When you reach the line containing "using deriv by" in the records below, start copying exactly, and stop once you have copied the line containing "(\<lambda>m. f' m".

— Dataset entries —
⟨

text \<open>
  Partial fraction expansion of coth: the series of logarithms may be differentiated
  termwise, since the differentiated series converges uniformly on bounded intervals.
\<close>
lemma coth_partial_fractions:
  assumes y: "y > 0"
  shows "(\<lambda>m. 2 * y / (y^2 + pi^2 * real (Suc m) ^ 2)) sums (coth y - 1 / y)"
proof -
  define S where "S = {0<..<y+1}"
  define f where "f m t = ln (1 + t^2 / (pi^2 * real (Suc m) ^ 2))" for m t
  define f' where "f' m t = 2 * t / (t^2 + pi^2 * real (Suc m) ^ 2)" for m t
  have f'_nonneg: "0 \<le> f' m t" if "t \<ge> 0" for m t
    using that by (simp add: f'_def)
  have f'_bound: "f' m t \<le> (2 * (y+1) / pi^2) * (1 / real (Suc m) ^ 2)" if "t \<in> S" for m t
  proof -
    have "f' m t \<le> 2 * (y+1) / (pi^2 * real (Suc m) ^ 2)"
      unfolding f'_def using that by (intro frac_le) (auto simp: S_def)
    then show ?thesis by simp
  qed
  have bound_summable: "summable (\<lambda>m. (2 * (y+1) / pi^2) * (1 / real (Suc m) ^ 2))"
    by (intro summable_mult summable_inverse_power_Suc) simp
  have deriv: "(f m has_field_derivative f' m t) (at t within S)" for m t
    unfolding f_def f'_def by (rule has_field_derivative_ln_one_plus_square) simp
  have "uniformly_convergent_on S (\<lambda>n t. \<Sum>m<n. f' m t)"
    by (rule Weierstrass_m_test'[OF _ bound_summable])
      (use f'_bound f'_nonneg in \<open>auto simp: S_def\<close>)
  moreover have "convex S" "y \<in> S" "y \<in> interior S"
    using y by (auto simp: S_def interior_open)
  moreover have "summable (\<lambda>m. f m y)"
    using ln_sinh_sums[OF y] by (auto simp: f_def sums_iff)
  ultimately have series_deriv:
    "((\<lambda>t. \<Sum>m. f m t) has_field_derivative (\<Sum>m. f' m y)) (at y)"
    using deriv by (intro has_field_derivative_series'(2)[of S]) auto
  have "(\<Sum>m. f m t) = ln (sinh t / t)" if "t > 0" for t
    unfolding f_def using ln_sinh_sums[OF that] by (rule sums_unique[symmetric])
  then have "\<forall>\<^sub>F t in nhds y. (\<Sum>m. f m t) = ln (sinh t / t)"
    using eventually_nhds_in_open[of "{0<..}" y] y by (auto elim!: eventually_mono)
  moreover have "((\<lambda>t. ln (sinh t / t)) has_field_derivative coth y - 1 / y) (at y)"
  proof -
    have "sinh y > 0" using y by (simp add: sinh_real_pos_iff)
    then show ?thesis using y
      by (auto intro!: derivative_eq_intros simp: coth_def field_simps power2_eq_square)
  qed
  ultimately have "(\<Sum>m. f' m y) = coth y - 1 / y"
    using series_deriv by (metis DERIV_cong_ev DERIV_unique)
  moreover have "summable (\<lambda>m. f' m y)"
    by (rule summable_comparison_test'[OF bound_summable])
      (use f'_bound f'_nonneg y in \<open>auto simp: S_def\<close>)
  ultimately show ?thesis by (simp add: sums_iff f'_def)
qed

⟩
⟨

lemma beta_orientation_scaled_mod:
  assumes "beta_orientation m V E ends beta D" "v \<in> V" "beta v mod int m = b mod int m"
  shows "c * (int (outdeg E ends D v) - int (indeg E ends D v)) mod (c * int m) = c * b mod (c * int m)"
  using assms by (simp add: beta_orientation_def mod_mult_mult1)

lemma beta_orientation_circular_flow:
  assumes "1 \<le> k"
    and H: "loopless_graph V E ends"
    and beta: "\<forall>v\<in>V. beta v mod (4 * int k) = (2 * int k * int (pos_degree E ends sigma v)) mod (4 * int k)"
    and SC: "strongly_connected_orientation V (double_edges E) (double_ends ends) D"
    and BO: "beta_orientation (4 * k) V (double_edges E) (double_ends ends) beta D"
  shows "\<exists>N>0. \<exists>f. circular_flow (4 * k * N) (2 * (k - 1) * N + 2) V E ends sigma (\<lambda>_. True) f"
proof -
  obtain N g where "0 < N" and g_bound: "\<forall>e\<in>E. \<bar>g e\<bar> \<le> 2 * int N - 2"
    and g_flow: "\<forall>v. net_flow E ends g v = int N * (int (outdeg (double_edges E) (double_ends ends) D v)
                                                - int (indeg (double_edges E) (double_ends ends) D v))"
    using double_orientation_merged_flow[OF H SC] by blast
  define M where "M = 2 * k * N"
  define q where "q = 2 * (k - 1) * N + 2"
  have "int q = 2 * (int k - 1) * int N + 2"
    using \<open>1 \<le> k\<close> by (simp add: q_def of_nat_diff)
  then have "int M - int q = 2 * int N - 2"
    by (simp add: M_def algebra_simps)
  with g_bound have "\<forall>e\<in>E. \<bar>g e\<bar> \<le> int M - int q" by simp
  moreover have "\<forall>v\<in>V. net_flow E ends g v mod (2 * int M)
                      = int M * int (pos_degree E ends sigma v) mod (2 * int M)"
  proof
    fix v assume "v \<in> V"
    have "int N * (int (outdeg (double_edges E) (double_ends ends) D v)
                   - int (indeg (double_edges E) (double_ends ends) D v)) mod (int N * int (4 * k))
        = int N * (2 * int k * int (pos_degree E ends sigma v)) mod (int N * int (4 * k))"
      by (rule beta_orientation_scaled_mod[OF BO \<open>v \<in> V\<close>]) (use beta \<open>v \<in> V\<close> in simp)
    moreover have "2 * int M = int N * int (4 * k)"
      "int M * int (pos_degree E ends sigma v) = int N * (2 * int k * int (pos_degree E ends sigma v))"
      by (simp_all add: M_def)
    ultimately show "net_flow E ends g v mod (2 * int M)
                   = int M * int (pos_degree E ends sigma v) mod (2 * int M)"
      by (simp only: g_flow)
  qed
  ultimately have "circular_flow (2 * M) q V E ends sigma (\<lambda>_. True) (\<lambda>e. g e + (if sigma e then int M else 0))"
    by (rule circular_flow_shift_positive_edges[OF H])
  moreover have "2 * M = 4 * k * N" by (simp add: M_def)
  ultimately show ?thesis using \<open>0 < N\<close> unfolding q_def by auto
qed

⟩

— RESPONSE AREA —
    using deriv by (intro has_field_derivative_series'(2)[of S]) auto
  have "(\<Sum>m. f m t) = ln (sinh t / t)" if "t > 0" for t
    unfolding f_def using ln_sinh_sums[OF that] by (rule sums_unique[symmetric])
  then have "\<forall>\<^sub>F t in nhds y. (\<Sum>m. f m t) = ln (sinh t / t)"
    using eventually_nhds_in_open[of "{0<..}" y] y by (auto elim!: eventually_mono)
  moreover have "((\<lambda>t. ln (sinh t / t)) has_field_derivative coth y - 1 / y) (at y)"
  proof -
    have "sinh y > 0" using y by (simp add: sinh_real_pos_iff)
    then show ?thesis using y
      by (auto intro!: derivative_eq_intros simp: coth_def field_simps power2_eq_square)
  qed
  ultimately have "(\<Sum>m. f' m y) = coth y - 1 / y"
    using series_deriv by (metis DERIV_cong_ev DERIV_unique)
  moreover have "summable (\<lambda>m. f' m y)"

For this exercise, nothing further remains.